(* Fix an integer $d\ge1$. For every $l>0$ there is a constant $C(l)>0$, depending only on $l$ and $d$ and not on $n$, such that for every $x\in\mathbb{R}^n$ whose Euclidean distance to each of the three points $0$, $e_1$, and $-\cos(g^{\circ d}(\pi))\,e_1$ is at least $l$, and at which $L$ is differentiable, $\|\nabla L(x)\|\ge C(l)$.
   Context: $e_1=(1,0,\dots,0)\in\mathbb{R}^n$; for $x\neq0$, $\theta(x)\in[0,\pi]$ is the angle between $x$ and $e_1$. $g(\theta)=\arccos\big(\frac{(\pi-\theta)\cos\theta+\sin\theta}{\pi}\big)$, $g^{\circ d}$ its $d$-fold composition. $L(x)=\frac12\|x\|^2-\|x\|\cos\big(g^{\circ d}(\theta(x))\big)+\frac12$. *)

theory Defs
  imports "HOL-Analysis.Analysis"
begin

text \<open>The constant C must be independent of the dimension n, so n has to be quantified
inside the formula. We therefore model R^n concretely as the functions nat => real vanishing
outside the first n coordinates (coordinate 0 plays the role of the first coordinate).\<close>

definition Rn :: "nat \<Rightarrow> (nat \<Rightarrow> real) set" where
  "Rn n = {x. \<forall>i\<ge>n. x i = 0}"

definition vinner :: "nat \<Rightarrow> (nat \<Rightarrow> real) \<Rightarrow> (nat \<Rightarrow> real) \<Rightarrow> real" where
  "vinner n x y = (\<Sum>i<n. x i * y i)"

definition vnorm :: "nat \<Rightarrow> (nat \<Rightarrow> real) \<Rightarrow> real" where
  "vnorm n x = sqrt (\<Sum>i<n. (x i)\<^sup>2)"

definition vdist :: "nat \<Rightarrow> (nat \<Rightarrow> real) \<Rightarrow> (nat \<Rightarrow> real) \<Rightarrow> real" where
  "vdist n x y = vnorm n (\<lambda>i. x i - y i)"

definition e1 :: "nat \<Rightarrow> real" where
  "e1 = (\<lambda>i. if i = 0 then 1 else 0)"

definition theta :: "nat \<Rightarrow> (nat \<Rightarrow> real) \<Rightarrow> real" where
  "theta n x = arccos (vinner n x e1 / (vnorm n x * vnorm n e1))"

definition g :: "real \<Rightarrow> real" where
  "g \<theta> = arccos (((pi - \<theta>) * cos \<theta> + sin \<theta>) / pi)"

definition L :: "nat \<Rightarrow> nat \<Rightarrow> (nat \<Rightarrow> real) \<Rightarrow> real" where
  "L d n x = (vnorm n x)\<^sup>2 / 2 - vnorm n x * cos ((g ^^ d) (theta n x)) + 1 / 2"

definition has_grad :: "nat \<Rightarrow> ((nat \<Rightarrow> real) \<Rightarrow> real) \<Rightarrow> (nat \<Rightarrow> real) \<Rightarrow> (nat \<Rightarrow> real) \<Rightarrow> bool" where
  "has_grad n f x G \<longleftrightarrow> G \<in> Rn n \<and>
     (\<forall>\<epsilon>>0. \<exists>\<delta>>0. \<forall>y\<in>Rn n. vdist n y x < \<delta> \<longrightarrow>
        \<bar>f y - f x - vinner n G (\<lambda>i. y i - x i)\<bar> \<le> \<epsilon> * vdist n y x)"

definition differentiable_Rn :: "nat \<Rightarrow> ((nat \<Rightarrow> real) \<Rightarrow> real) \<Rightarrow> (nat \<Rightarrow> real) \<Rightarrow> bool" where
  "differentiable_Rn n f x \<longleftrightarrow> (\<exists>G. has_grad n f x G)"

end

theory Submission
  imports Defs
begin

(*
  Write x in polar form, r = |x| and theta = theta(x), and put h = g^d, so that
  L(x) = r^2/2 - r cos (h theta) + 1/2. The derivative of L in the radial unit direction is
  r - cos (h theta); in the unit direction tangent at x to the circle through x in the plane of
  e1 and x it is sin (h theta) * h'(theta). Both are bounded by |grad L(x)| and neither involves n.
  Since 0 < g t <= t and g' > 0 on (0, pi), the angular term is positive and continuous on
  (0, pi), hence bounded below on [alpha, pi - alpha]. For theta within alpha of 0 or of pi,
  cos (h theta) is close to 1 or to cos (h pi), so a small radial term would put x close to e1
  or to -cos (h pi) e1, which the hypotheses exclude.
*)

section \<open>The angle map g and its iterates\<close>

definition g_cos :: "real \<Rightarrow> real" where
  "g_cos t = ((pi - t) * cos t + sin t) / pi"

lemma g_eq_arccos_g_cos: "g t = arccos (g_cos t)"
  by (simp add: g_def g_cos_def)

lemma g_cos_gt_minus_one:
  assumes "0 < t" "t \<le> pi"
  shows "-1 < g_cos t"
proof -
  have "pi * (g_cos t + 1) = (pi - t) * (cos t + 1) + sin t + t"
    by (simp add: g_cos_def field_simps)
  also have "\<dots> > 0"
  proof -
    have "0 \<le> (pi - t) * (cos t + 1)"
      using assms cos_ge_minus_one[of t] by (intro mult_nonneg_nonneg) linarith+
    then show ?thesis
      using assms sin_ge_zero[of t] by linarith
  qed
  finally show ?thesis by (simp add: zero_less_mult_iff)
qed

lemma g_cos_less_one:
  assumes "0 < t" "t \<le> pi"
  shows "g_cos t < 1"
proof -
  have "pi * (1 - g_cos t) = (pi - t) * (1 - cos t) + (t - sin t)"
    by (simp add: g_cos_def field_simps)
  also have "\<dots> > 0"
  proof (cases "t = pi")
    case False
    have "cos t < cos 0"
      using assms False by (intro cos_monotone_0_pi) auto
    then show ?thesis
      using assms False sin_x_le_x[of t] by (simp add: add_pos_nonneg)
  qed simp
  finally show ?thesis by (simp add: zero_less_mult_iff)
qed

lemma mult_cos_le_sin:
  fixes t :: real
  assumes "0 \<le> t" "t \<le> pi"
  shows "t * cos t \<le> sin t"
proof -
  have "sin 0 - 0 * cos 0 \<le> sin t - t * cos t"
  proof (rule DERIV_nonneg_imp_nondecreasing[OF assms(1)])
    fix x assume "0 \<le> x" "x \<le> t"
    then show "\<exists>y. ((\<lambda>x. sin x - x * cos x) has_real_derivative y) (at x) \<and> 0 \<le> y"
      using assms sin_ge_zero[of x]
      by (intro exI[of _ "x * sin x"] conjI derivative_eq_intros refl) (auto simp: algebra_simps)
  qed
  then show ?thesis by simp
qed

lemma cos_le_g_cos:
  assumes "0 \<le> t" "t \<le> pi"
  shows "cos t \<le> g_cos t"
proof -
  have "pi * g_cos t = pi * cos t + (sin t - t * cos t)"
    by (simp add: g_cos_def field_simps)
  then show ?thesis
    using mult_cos_le_sin[OF assms] by (smt (verit) mult_le_cancel_left pi_gt_zero)
qed

lemma g_cos_bounds:
  assumes "0 \<le> t" "t \<le> pi"
  shows "-1 \<le> g_cos t \<and> g_cos t \<le> 1"
  using assms g_cos_gt_minus_one[of t] g_cos_less_one[of t]
  by (cases "t = 0") (auto simp: g_cos_def)

lemma g_le_self:
  assumes "0 \<le> t" "t \<le> pi"
  shows "0 \<le> g t \<and> g t \<le> t"
proof -
  have "arccos (g_cos t) \<le> arccos (cos t)"
    using cos_le_g_cos[OF assms] g_cos_bounds[OF assms] by (intro arccos_le_arccos) auto
  then show ?thesis
    using arccos_bounded g_cos_bounds[OF assms] arccos_cos[OF assms]
    by (simp add: g_eq_arccos_g_cos)
qed

lemma g_pos:
  assumes "0 < t" "t \<le> pi"
  shows "0 < g t"
  using arccos_lt_bounded[OF g_cos_gt_minus_one[OF assms] g_cos_less_one[OF assms]]
  by (simp add: g_eq_arccos_g_cos)

lemma funpow_g_le_self:
  assumes "0 \<le> t" "t \<le> pi"
  shows "0 \<le> (g ^^ k) t \<and> (g ^^ k) t \<le> t"
proof (induction k)
  case (Suc k)
  then show ?case
    using g_le_self[of "(g ^^ k) t"] assms by auto
qed (use assms in auto)

lemma funpow_g_pos:
  assumes "0 < t" "t \<le> pi"
  shows "0 < (g ^^ k) t"
proof (induction k)
  case (Suc k)
  then show ?case
    using g_pos[of "(g ^^ k) t"] funpow_g_le_self[of t k] assms by auto
qed (use assms in auto)

definition g_deriv :: "real \<Rightarrow> real" where
  "g_deriv t = (pi - t) * sin t / (pi * sqrt (1 - (g_cos t)\<^sup>2))"

lemma g_cos_sq_less_one:
  assumes "0 < t" "t \<le> pi"
  shows "(g_cos t)\<^sup>2 < 1"
  using g_cos_gt_minus_one[OF assms] g_cos_less_one[OF assms] by (simp add: abs_square_less_1)

lemma has_real_derivative_g:
  assumes "0 < t" "t \<le> pi"
  shows "(g has_real_derivative g_deriv t) (at t)"
proof -
  have "(g_cos has_real_derivative - (pi - t) * sin t / pi) (at t)"
    unfolding g_cos_def[abs_def] by (auto intro!: derivative_eq_intros simp: field_simps)
  from DERIV_chain2[OF DERIV_arccos[OF g_cos_gt_minus_one[OF assms] g_cos_less_one[OF assms]] this]
  have "(g has_real_derivative
      inverse (- sqrt (1 - (g_cos t)\<^sup>2)) * (- (pi - t) * sin t / pi)) (at t)"
    unfolding g_eq_arccos_g_cos[abs_def] .
  also have "inverse (- sqrt (1 - (g_cos t)\<^sup>2)) * (- (pi - t) * sin t / pi) = g_deriv t"
    by (simp add: g_deriv_def divide_inverse algebra_simps)
  finally show ?thesis .
qed

lemma g_deriv_pos:
  assumes "0 < t" "t < pi"
  shows "0 < g_deriv t"
  using assms g_cos_sq_less_one[of t] sin_gt_zero[of t] by (simp add: g_deriv_def)

lemma isCont_g_deriv:
  assumes "0 < t" "t \<le> pi"
  shows "isCont g_deriv t"
  using g_cos_sq_less_one[OF assms] unfolding g_deriv_def g_cos_def[abs_def]
  by (auto intro!: continuous_intros)

definition funpow_g_deriv :: "nat \<Rightarrow> real \<Rightarrow> real" where
  "funpow_g_deriv k t = (\<Prod>j<k. g_deriv ((g ^^ j) t))"

lemma has_real_derivative_funpow_g:
  assumes "0 < t" "t \<le> pi"
  shows "((g ^^ k) has_real_derivative funpow_g_deriv k t) (at t)"
proof (induction k)
  case (Suc k)
  have "0 < (g ^^ k) t" "(g ^^ k) t \<le> pi"
    using funpow_g_pos[OF assms] funpow_g_le_self[of t k] assms by auto
  from DERIV_chain2[OF has_real_derivative_g[OF this] Suc]
  show ?case by (simp add: funpow_g_deriv_def mult.commute)
qed (simp add: funpow_g_deriv_def)

lemma funpow_g_deriv_pos:
  assumes "0 < t" "t < pi"
  shows "0 < funpow_g_deriv k t"
  unfolding funpow_g_deriv_def
  using assms funpow_g_pos[of t] funpow_g_le_self[of t] g_deriv_pos
  by (intro prod_pos) (smt (verit))

lemma isCont_funpow_g_deriv:
  assumes "0 < t" "t \<le> pi"
  shows "isCont (funpow_g_deriv k) t"
  unfolding funpow_g_deriv_def
proof (intro continuous_intros)
  fix j
  have "isCont (g ^^ j) t"
    using DERIV_isCont[OF has_real_derivative_funpow_g[OF assms]] .
  moreover have "isCont g_deriv ((g ^^ j) t)"
    using assms funpow_g_pos[of t j] funpow_g_le_self[of t j] by (intro isCont_g_deriv) auto
  ultimately show "isCont (\<lambda>t. g_deriv ((g ^^ j) t)) t"
    by (rule isCont_o2)
qed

**WORK REQUEST**
Reproduce exactly, and with no other material, the lines between those holding "for $x\neq0$, $\theta(x)\in[0,\pi]$" and "theory Defs", inclusive.

**SOLUTION**
   Context: $e_1=(1,0,\dots,0)\in\mathbb{R}^n$; for $x\neq0$, $\theta(x)\in[0,\pi]$ is the angle between $x$ and $e_1$. $g(\theta)=\arccos\big(\frac{(\pi-\theta)\cos\theta+\sin\theta}{\pi}\big)$, $g^{\circ d}$ its $d$-fold composition. $L(x)=\frac12\|x\|^2-\|x\|\cos\big(g^{\circ d}(\theta(x))\big)+\frac12$. *)

theory Defs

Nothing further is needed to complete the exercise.